WHAT THE EXERCISE ASKS ::
From the first line of the data below through the line holding "define U where", write out each line exactly as it stands.

RECORD SET START

theorem lemma10:
  fixes \<H> :: "'b digraph set" and D F :: "'a digraph" and X :: "'a set"
    and P :: "'a \<Rightarrow> 'a \<Rightarrow> 'a list"
  assumes "digraph D"
    and "deletion_set \<H> D X"
    and "subgraph F D"
    and "\<exists>H\<in>\<H>. isomorphic F H"
    and "\<forall>x\<in>verts F. \<forall>y\<in>verts F. dpath D (P x y) x y"
  shows "\<exists>a\<in>X. \<forall>v\<in>verts F.
           (\<exists>Q. dpath (graph_Union {path_graph (P x y) | x y. x \<in> verts F \<and> y \<in> verts F}) Q v a)
         \<and> (\<exists>Q. dpath (graph_Union {path_graph (P x y) | x y. x \<in> verts F \<and> y \<in> verts F}) Q a v)"
proof -
  define U where "U = paths_union P (verts F)"
  have endpoints: "\<forall>x\<in>verts F. \<forall>y\<in>verts F. P x y \<noteq> [] \<and> hd (P x y) = x \<and> last (P x y) = y"
    using assms(5) by (simp add: dpath_def)
  have U_strong: "strongly_connected U" and F_U: "verts F \<subseteq> verts U"
    unfolding U_def using endpoints
    by (rule strongly_connected_paths_union, rule subset_verts_paths_union)
  have U_D: "verts U \<subseteq> verts D" "arcs U \<subseteq> arcs D"
    using assms(5) unfolding U_def verts_paths_union arcs_paths_union dpath_def by blast+
  have U_wf: "arcs U \<subseteq> verts U \<times> verts U"
    unfolding U_def by (rule arcs_paths_union_subset)
  obtain a where a: "a \<in> verts U" "a \<in> X"
    using strongly_connected_meets_deletion_set [OF assms(2-4) U_strong F_U U_D U_wf] by blast
  have "(\<exists>Q. dpath U Q v a) \<and> (\<exists>Q. dpath U Q a v)" if "v \<in> verts F" for v
  proof -
    from that F_U have v: "v \<in> verts U" by blast
    show ?thesis
      using strongly_connected_imp_dpath [OF U_strong U_wf v a(1)]
        strongly_connected_imp_dpath [OF U_strong U_wf a(1) v] by blast
  qed
  with a(2) show ?thesis
    unfolding U_def paths_union_def by blast
qed

end
(* Let $\xi_1,\xi_2,\dots$ be i.i.d. standard Gaussian random variables. There are constants $c_3,c_4>0$ such that for all integers $N\ge1$ and all $L\ge2N$, $$c_3N\log(L/N)\le-\log\mathbb{E}\,e^{-L\max_{i=1,\dots,N}|\xi_i|}\le c_4N\log(L/N).$$ *)

theory Defs
  imports "HOL-Probability.Probability"
begin

end

theory Submission
  imports Defs
begin

text \<open>
  Let \<open>Y = max |\<xi>_i|\<close> and \<open>x = L/N \<ge> 2\<close>. Since \<open>L Y \<ge> x (|\<xi>_1| + ... + |\<xi>_N|)\<close>,
  independence gives \<open>E exp(-L Y) \<le> (E exp(-x |\<xi>|))^N \<le> x^(-N)\<close>; the last step holds because
  the Gaussian density is at most \<open>1/sqrt(2 pi) \<le> 1/2\<close> and \<open>exp(-x |s|)\<close> has integral \<open>2/x\<close>.
  Conversely, on the event that every \<open>|\<xi>_i| \<le> t = 1/x\<close> we have \<open>exp(-L Y) \<ge> exp(-N)\<close>, and
  this event has probability at least \<open>(t/2)^N\<close> since the density is at least \<open>1/4\<close> on
  \<open>[-1/2, 1/2]\<close>. Taking logarithms yields \<open>c3 = 1\<close> and \<open>c4 = 4\<close>, as \<open>1 + ln 2 \<le> 3 ln 2\<close>.
\<close>

lemma std_normal_density_le: "std_normal_density s \<le> 1 / sqrt (2 * pi)"
  unfolding std_normal_density_def by (simp add: divide_simps)

lemma std_normal_density_ge_quarter:
  assumes "\<bar>s\<bar> \<le> 1/2"
  shows "1/4 \<le> std_normal_density s"
proof -
  have "s\<^sup>2 \<le> 1/4"
    using power_mono[OF assms abs_ge_zero, of 2] by (simp add: power_divide)
  then have "exp (- 1/8) \<le> exp (- s\<^sup>2 / 2)" by simp
  moreover have "7/8 \<le> exp (- 1/8 :: real)"
    using exp_ge_add_one_self[of "-1/8::real"] by simp
  ultimately have exp_ge: "7/8 \<le> exp (- s\<^sup>2 / 2)" by linarith
  have "2 * pi \<le> (7/2::real)\<^sup>2" using pi_less_4 by (simp add: power2_eq_square)
  then have "sqrt (2 * pi) \<le> 7/2" using real_sqrt_le_mono by fastforce
  then have "2/7 \<le> 1 / sqrt (2 * pi)" by (simp add: divide_simps)
  then have "(2/7) * (7/8) \<le> 1 / sqrt (2 * pi) * exp (- s\<^sup>2 / 2)"
    by (rule mult_mono[OF _ exp_ge]) auto
  then show ?thesis unfolding std_normal_density_def by simp
qed

lemma nn_integral_exponential_density:
  assumes "(0::real) < x"
  shows "(\<integral>\<^sup>+s. ennreal (exponential_density x s) \<partial>lborel) = 1"
proof -
  interpret prob_space "density lborel (exponential_density x)"
    using prob_space_exponential_density[OF assms] .
  show ?thesis using emeasure_space_1 by (simp add: emeasure_density)
qed

lemma nn_integral_exp_neg_abs_le:
  assumes x: "(0::real) < x"
  shows "(\<integral>\<^sup>+s. ennreal (exp (- x * \<bar>s\<bar>)) \<partial>lborel) \<le> ennreal (2 / x)"
proof -
  have reflected: "(\<integral>\<^sup>+s. ennreal (exponential_density x (- s)) \<partial>lborel) = 1"
    using nn_integral_real_affine[of "\<lambda>s. ennreal (exponential_density x s)" "-1" 0]
      nn_integral_exponential_density[OF x] by simp
  have "(\<integral>\<^sup>+s. ennreal (exp (- x * \<bar>s\<bar>)) \<partial>lborel)
      \<le> (\<integral>\<^sup>+s. ennreal (1 / x) * (ennreal (exponential_density x s)
                                 + ennreal (exponential_density x (- s))) \<partial>lborel)"
  proof (rule nn_integral_mono)
    fix s
    have "exp (- x * \<bar>s\<bar>) \<le> 1 / x * (exponential_density x s + exponential_density x (- s))"
      using x by (cases "s < 0") (auto simp: exponential_density_def field_simps)
    then show "ennreal (exp (- x * \<bar>s\<bar>))
        \<le> ennreal (1 / x) * (ennreal (exponential_density x s) + ennreal (exponential_density x (- s)))"
      using x by (simp add: ennreal_mult'[symmetric] ennreal_plus[symmetric]
          exponential_density_nonneg ennreal_leI del: ennreal_plus)
  qed
  also have "\<dots> = ennreal (1 / x) * 2"
    using nn_integral_exponential_density[OF x] reflected
    by (simp add: nn_integral_cmult nn_integral_add one_add_one)
  also have "\<dots> = ennreal (2 / x)"
    using x by (subst ennreal_numeral[symmetric], subst ennreal_mult[symmetric]) auto
  finally show ?thesis .
qed

context prob_space
begin

lemma expectation_exp_neg_abs_std_normal_le:
  assumes D: "distributed M lborel X std_normal_density" and x: "(0::real) < x"
  shows "expectation (\<lambda>\<omega>. exp (- x * \<bar>X \<omega>\<bar>)) \<le> 1 / x"
proof -
  have [measurable]: "X \<in> borel_measurable M" using distributed_measurable[OF D] by simp
  have "(\<integral>\<^sup>+\<omega>. ennreal (exp (- x * \<bar>X \<omega>\<bar>)) \<partial>M)
      = (\<integral>\<^sup>+s. ennreal (std_normal_density s) * ennreal (exp (- x * \<bar>s\<bar>)) \<partial>lborel)"
    by (rule distributed_nn_integral[OF D, symmetric]) simp
  also have "\<dots> \<le> (\<integral>\<^sup>+s. ennreal (1 / sqrt (2 * pi)) * ennreal (exp (- x * \<bar>s\<bar>)) \<partial>lborel)"
    by (intro nn_integral_mono mult_right_mono ennreal_leI std_normal_density_le) simp
  also have "\<dots> \<le> ennreal (1 / sqrt (2 * pi)) * ennreal (2 / x)"
    using nn_integral_exp_neg_abs_le[OF x] by (simp add: nn_integral_cmult mult_left_mono)
  also have "\<dots> \<le> ennreal (1 / x)"
  proof -
    have "2 \<le> sqrt (2 * pi)" using pi_gt3 by (simp add: real_le_rsqrt)
    then have "1 / sqrt (2 * pi) * (2 / x) \<le> 1 / x" using x by (simp add: field_simps)
    then show ?thesis using x by (simp add: ennreal_mult'[symmetric] ennreal_leI)
  qed
  finally have "(\<integral>\<^sup>+\<omega>. ennreal (exp (- x * \<bar>X \<omega>\<bar>)) \<partial>M) \<le> ennreal (1 / x)" .
  then show ?thesis
    using x by (subst integral_eq_nn_integral) (auto intro: enn2real_leI)
qed

lemma expectation_indicator_abs_std_normal_le_ge:
  assumes D: "distributed M lborel X std_normal_density" and t: "(0::real) < t" "t \<le> 1/2"
  shows "t / 2 \<le> expectation (\<lambda>\<omega>. if \<bar>X \<omega>\<bar> \<le> t then 1 else 0 :: real)"
proof -
  have [measurable]: "X \<in> borel_measurable M" using distributed_measurable[OF D] by simp
  have "ennreal (t / 2) = (\<integral>\<^sup>+s. ennreal (1/4) * indicator {-t..t} s \<partial>lborel)"
    using t by (simp add: nn_integral_cmult ennreal_mult[symmetric])
  also have "\<dots> \<le> (\<integral>\<^sup>+s. ennreal (std_normal_density s) * ennreal (if \<bar>s\<bar> \<le> t then 1 else 0) \<partial>lborel)"
  proof (rule nn_integral_mono)
    fix s
    have "\<bar>s\<bar> \<le> t \<Longrightarrow> 1/4 \<le> std_normal_density s"
      using t by (intro std_normal_density_ge_quarter) auto
    then show "ennreal (1/4) * indicator {-t..t} s
        \<le> ennreal (std_normal_density s) * ennreal (if \<bar>s\<bar> \<le> t then 1 else 0)"
      by (auto simp: indicator_def abs_le_iff intro: ennreal_leI)
  qed
  also have "\<dots> = (\<integral>\<^sup>+\<omega>. ennreal (if \<bar>X \<omega>\<bar> \<le> t then 1 else 0) \<partial>M)"
    by (rule distributed_nn_integral[OF D]) simp
  also have "\<dots> = ennreal (expectation (\<lambda>\<omega>. if \<bar>X \<omega>\<bar> \<le> t then 1 else 0 :: real))"
    by (subst nn_integral_eq_integral)
      (auto intro!: integrable_const_bound[where B=1])
  finally show ?thesis using t by (simp add: ennreal_le_iff)
qed

lemma expectation_exp_neg_Max_abs_le:
  fixes \<xi> :: "'i \<Rightarrow> 'a \<Rightarrow> real"
  assumes fin: "finite I" and ne: "I \<noteq> {}"
    and indep: "indep_vars (\<lambda>_. borel) \<xi> I"
    and D: "\<And>i. i \<in> I \<Longrightarrow> distributed M lborel (\<xi> i) std_normal_density"
    and x: "0 < (x::real)"
  shows "expectation (\<lambda>\<omega>. exp (- (x * card I) * (MAX i\<in>I. \<bar>\<xi> i \<omega>\<bar>))) \<le> (1 / x) ^ card I"
proof -
  have [measurable]: "\<xi> i \<in> borel_measurable M" if "i \<in> I" for i
    using distributed_measurable[OF D[OF that]] by simp
  have Max_nonneg: "0 \<le> (MAX i\<in>I. \<bar>\<xi> i \<omega>\<bar>)" for \<omega>
    using fin ne by (auto simp: Max_ge_iff)
  let ?f = "\<lambda>i \<omega>. exp (- x * \<bar>\<xi> i \<omega>\<bar>)"
  have int: "integrable M (?f i)" if "i \<in> I" for i
    by (rule integrable_const_bound[where B=1]) (use x that in auto)
  have indep_f: "indep_vars (\<lambda>_. borel) ?f I"
    by (rule indep_vars_compose2[OF indep]) auto
  have pointwise: "exp (- (x * card I) * (MAX i\<in>I. \<bar>\<xi> i \<omega>\<bar>)) \<le> (\<Prod>i\<in>I. ?f i \<omega>)" for \<omega>
  proof -
    have "(\<Sum>i\<in>I. x * \<bar>\<xi> i \<omega>\<bar>) \<le> (\<Sum>i\<in>I. x * (MAX j\<in>I. \<bar>\<xi> j \<omega>\<bar>))"
      using fin x by (intro sum_mono mult_left_mono) auto
    then have "(\<Sum>i\<in>I. x * \<bar>\<xi> i \<omega>\<bar>) \<le> x * card I * (MAX i\<in>I. \<bar>\<xi> i \<omega>\<bar>)"
      by (simp add: algebra_simps)
    then have "exp (- (x * card I) * (MAX i\<in>I. \<bar>\<xi> i \<omega>\<bar>)) \<le> exp (\<Sum>i\<in>I. - x * \<bar>\<xi> i \<omega>\<bar>)"
      by (simp add: sum_negf)
    also have "\<dots> = (\<Prod>i\<in>I. ?f i \<omega>)" by (rule exp_sum[OF fin])
    finally show ?thesis .
  qed
  have "expectation (\<lambda>\<omega>. exp (- (x * card I) * (MAX i\<in>I. \<bar>\<xi> i \<omega>\<bar>)))
      \<le> expectation (\<lambda>\<omega>. \<Prod>i\<in>I. ?f i \<omega>)"
    using fin x Max_nonneg by (intro integral_mono pointwise indep_vars_integrable[OF fin indep_f int]
        integrable_const_bound[where B=1]) auto
  also have "\<dots> = (\<Prod>i\<in>I. expectation (?f i))"
    by (rule indep_vars_lebesgue_integral[OF fin indep_f int])
  also have "\<dots> \<le> (\<Prod>i\<in>I. 1 / x)"
    using expectation_exp_neg_abs_std_normal_le[OF D x] by (intro prod_mono) auto
  finally show ?thesis by simp
qed

lemma expectation_exp_neg_Max_abs_ge:
  fixes \<xi> :: "'i \<Rightarrow> 'a \<Rightarrow> real"
  assumes fin: "finite I" and ne: "I \<noteq> {}"
    and indep: "indep_vars (\<lambda>_. borel) \<xi> I"
    and D: "\<And>i. i \<in> I \<Longrightarrow> distributed M lborel (\<xi> i) std_normal_density"
    and L: "0 \<le> L" and t: "0 < t" "t \<le> 1/2"
  shows "exp (- L * t) * (t / 2) ^ card I
      \<le> expectation (\<lambda>\<omega>. exp (- L * (MAX i\<in>I. \<bar>\<xi> i \<omega>\<bar>)))"
proof -
  have [measurable]: "\<xi> i \<in> borel_measurable M" if "i \<in> I" for i
    using distributed_measurable[OF D[OF that]] by simp
  have Max_nonneg: "0 \<le> (MAX i\<in>I. \<bar>\<xi> i \<omega>\<bar>)" for \<omega>
    using fin ne by (auto simp: Max_ge_iff)
  let ?g = "\<lambda>i \<omega>. if \<bar>\<xi> i \<omega>\<bar> \<le> t then 1 else 0 :: real"
  have int: "integrable M (?g i)" if "i \<in> I" for i
    by (rule integrable_const_bound[where B=1]) (use that in auto)
  have indep_g: "indep_vars (\<lambda>_. borel) ?g I"
    by (rule indep_vars_compose2[OF indep]) auto
  have pointwise: "exp (- L * t) * (\<Prod>i\<in>I. ?g i \<omega>) \<le> exp (- L * (MAX i\<in>I. \<bar>\<xi> i \<omega>\<bar>))" for \<omega>
  proof (cases "\<forall>i\<in>I. \<bar>\<xi> i \<omega>\<bar> \<le> t")
    case True
    then have "(MAX i\<in>I. \<bar>\<xi> i \<omega>\<bar>) \<le> t" using fin ne by simp
    then show ?thesis using True L by (simp add: mult_left_mono)
  next
    case False
    then show ?thesis using fin by (simp add: prod_zero)
  qed
  have "exp (- L * t) * (t / 2) ^ card I = exp (- L * t) * (\<Prod>i\<in>I. t / 2)" by simp
  also have "\<dots> \<le> exp (- L * t) * (\<Prod>i\<in>I. expectation (?g i))"
    using expectation_indicator_abs_std_normal_le_ge[OF D t] t
    by (intro mult_left_mono prod_mono) auto
  also have "\<dots> = expectation (\<lambda>\<omega>. exp (- L * t) * (\<Prod>i\<in>I. ?g i \<omega>))"
    by (simp add: indep_vars_lebesgue_integral[OF fin indep_g int])
  also have "\<dots> \<le> expectation (\<lambda>\<omega>. exp (- L * (MAX i\<in>I. \<bar>\<xi> i \<omega>\<bar>)))"
    using fin L Max_nonneg by (intro integral_mono pointwise integrable_mult_right
        indep_vars_integrable[OF fin indep_g int] integrable_const_bound[where B=1]) auto
  finally show ?thesis .
qed

lemma neg_ln_expectation_exp_neg_Max_abs_bounds:
  fixes \<xi> :: "'i \<Rightarrow> 'a \<Rightarrow> real"
  assumes fin: "finite I" and ne: "I \<noteq> {}"
    and indep: "indep_vars (\<lambda>_. borel) \<xi> I"
    and D: "\<And>i. i \<in> I \<Longrightarrow> distributed M lborel (\<xi> i) std_normal_density"
    and L: "2 * real (card I) \<le> L"
  defines "E \<equiv> expectation (\<lambda>\<omega>. exp (- L * (MAX i\<in>I. \<bar>\<xi> i \<omega>\<bar>)))"
  shows "card I * ln (L / card I) \<le> - ln E \<and> - ln E \<le> 4 * card I * ln (L / card I)"
proof -
  define N where "N = real (card I)"
  define x where "x = L / N"
  have N: "0 < N" using fin ne by (simp add: N_def card_gt_0_iff)
  have x: "2 \<le> x" using L N by (simp add: x_def N_def field_simps)
  have L_eq: "L = x * N" using N by (simp add: x_def)
  have "E \<le> (1 / x) ^ card I"
    using expectation_exp_neg_Max_abs_le[OF fin ne indep D, of x] x
    by (simp add: E_def L_eq N_def)
  moreover have "exp (- N) * (1 / (x * 2)) ^ card I \<le> E"
    using expectation_exp_neg_Max_abs_ge[OF fin ne indep D, of L "1 / x"] x N
    by (simp add: E_def L_eq)
  moreover have "0 < exp (- N) * (1 / (x * 2)) ^ card I" using x by simp
  ultimately have "ln (exp (- N) * (1 / (x * 2)) ^ card I) \<le> ln E \<and> ln E \<le> ln ((1 / x) ^ card I)"
    by simp
  then have "N * ln x \<le> - ln E \<and> - ln E \<le> N * (1 + ln 2 + ln x)"
    using x by (simp add: ln_mult ln_realpow ln_div N_def algebra_simps)
  moreover have "N * (1 + ln 2 + ln x) \<le> N * (4 * ln x)"
  proof -
    have "ln 2 \<le> ln x" using x by simp
    then show ?thesis using ln2_ge_two_thirds N by (intro mult_left_mono) auto
  qed
  ultimately show ?thesis by (simp add: x_def N_def)
qed

end

theorem lemma8:
  fixes M :: "'a measure" and \<xi> :: "nat \<Rightarrow> 'a \<Rightarrow> real"
  assumes "prob_space M"
    and "prob_space.indep_vars M (\<lambda>_. borel) \<xi> {1..}"
    and "\<And>i. i \<ge> 1 \<Longrightarrow> distributed M lborel (\<xi> i) std_normal_density"
  shows "\<exists>c3 c4 :: real. c3 > 0 \<and> c4 > 0 \<and>
    (\<forall>(N::nat) (L::real). N \<ge> 1 \<longrightarrow> L \<ge> 2 * real N \<longrightarrow>
      c3 * real N * ln (L / real N)
        \<le> - ln (prob_space.expectation M (\<lambda>\<omega>. exp (- L * (MAX i\<in>{1..N}. \<bar>\<xi> i \<omega>\<bar>))))
      \<and> - ln (prob_space.expectation M (\<lambda>\<omega>. exp (- L * (MAX i\<in>{1..N}. \<bar>\<xi> i \<omega>\<bar>))))
        \<le> c4 * real N * ln (L / real N))"
proof -
  interpret prob_space M by fact
  have "real N * ln (L / real N)
        \<le> - ln (expectation (\<lambda>\<omega>. exp (- L * (MAX i\<in>{1..N}. \<bar>\<xi> i \<omega>\<bar>))))
      \<and> - ln (expectation (\<lambda>\<omega>. exp (- L * (MAX i\<in>{1..N}. \<bar>\<xi> i \<omega>\<bar>))))
        \<le> 4 * real N * ln (L / real N)"
    if "N \<ge> 1" "L \<ge> 2 * real N" for N :: nat and L :: real
    using that assms(3) neg_ln_expectation_exp_neg_Max_abs_bounds[of "{1..N}" \<xi> L]
      indep_vars_subset[OF assms(2), of "{1..N}"]
    by auto
  then show ?thesis by (intro exI[of _ 1] exI[of _ 4]) auto
qed

end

RECORD SET END

EXERCISE ANSWER ::
theorem lemma10:
  fixes \<H> :: "'b digraph set" and D F :: "'a digraph" and X :: "'a set"
    and P :: "'a \<Rightarrow> 'a \<Rightarrow> 'a list"
  assumes "digraph D"
    and "deletion_set \<H> D X"
    and "subgraph F D"
    and "\<exists>H\<in>\<H>. isomorphic F H"
    and "\<forall>x\<in>verts F. \<forall>y\<in>verts F. dpath D (P x y) x y"
  shows "\<exists>a\<in>X. \<forall>v\<in>verts F.
           (\<exists>Q. dpath (graph_Union {path_graph (P x y) | x y. x \<in> verts F \<and> y \<in> verts F}) Q v a)
         \<and> (\<exists>Q. dpath (graph_Union {path_graph (P x y) | x y. x \<in> verts F \<and> y \<in> verts F}) Q a v)"
proof -
  define U where "U = paths_union P (verts F)"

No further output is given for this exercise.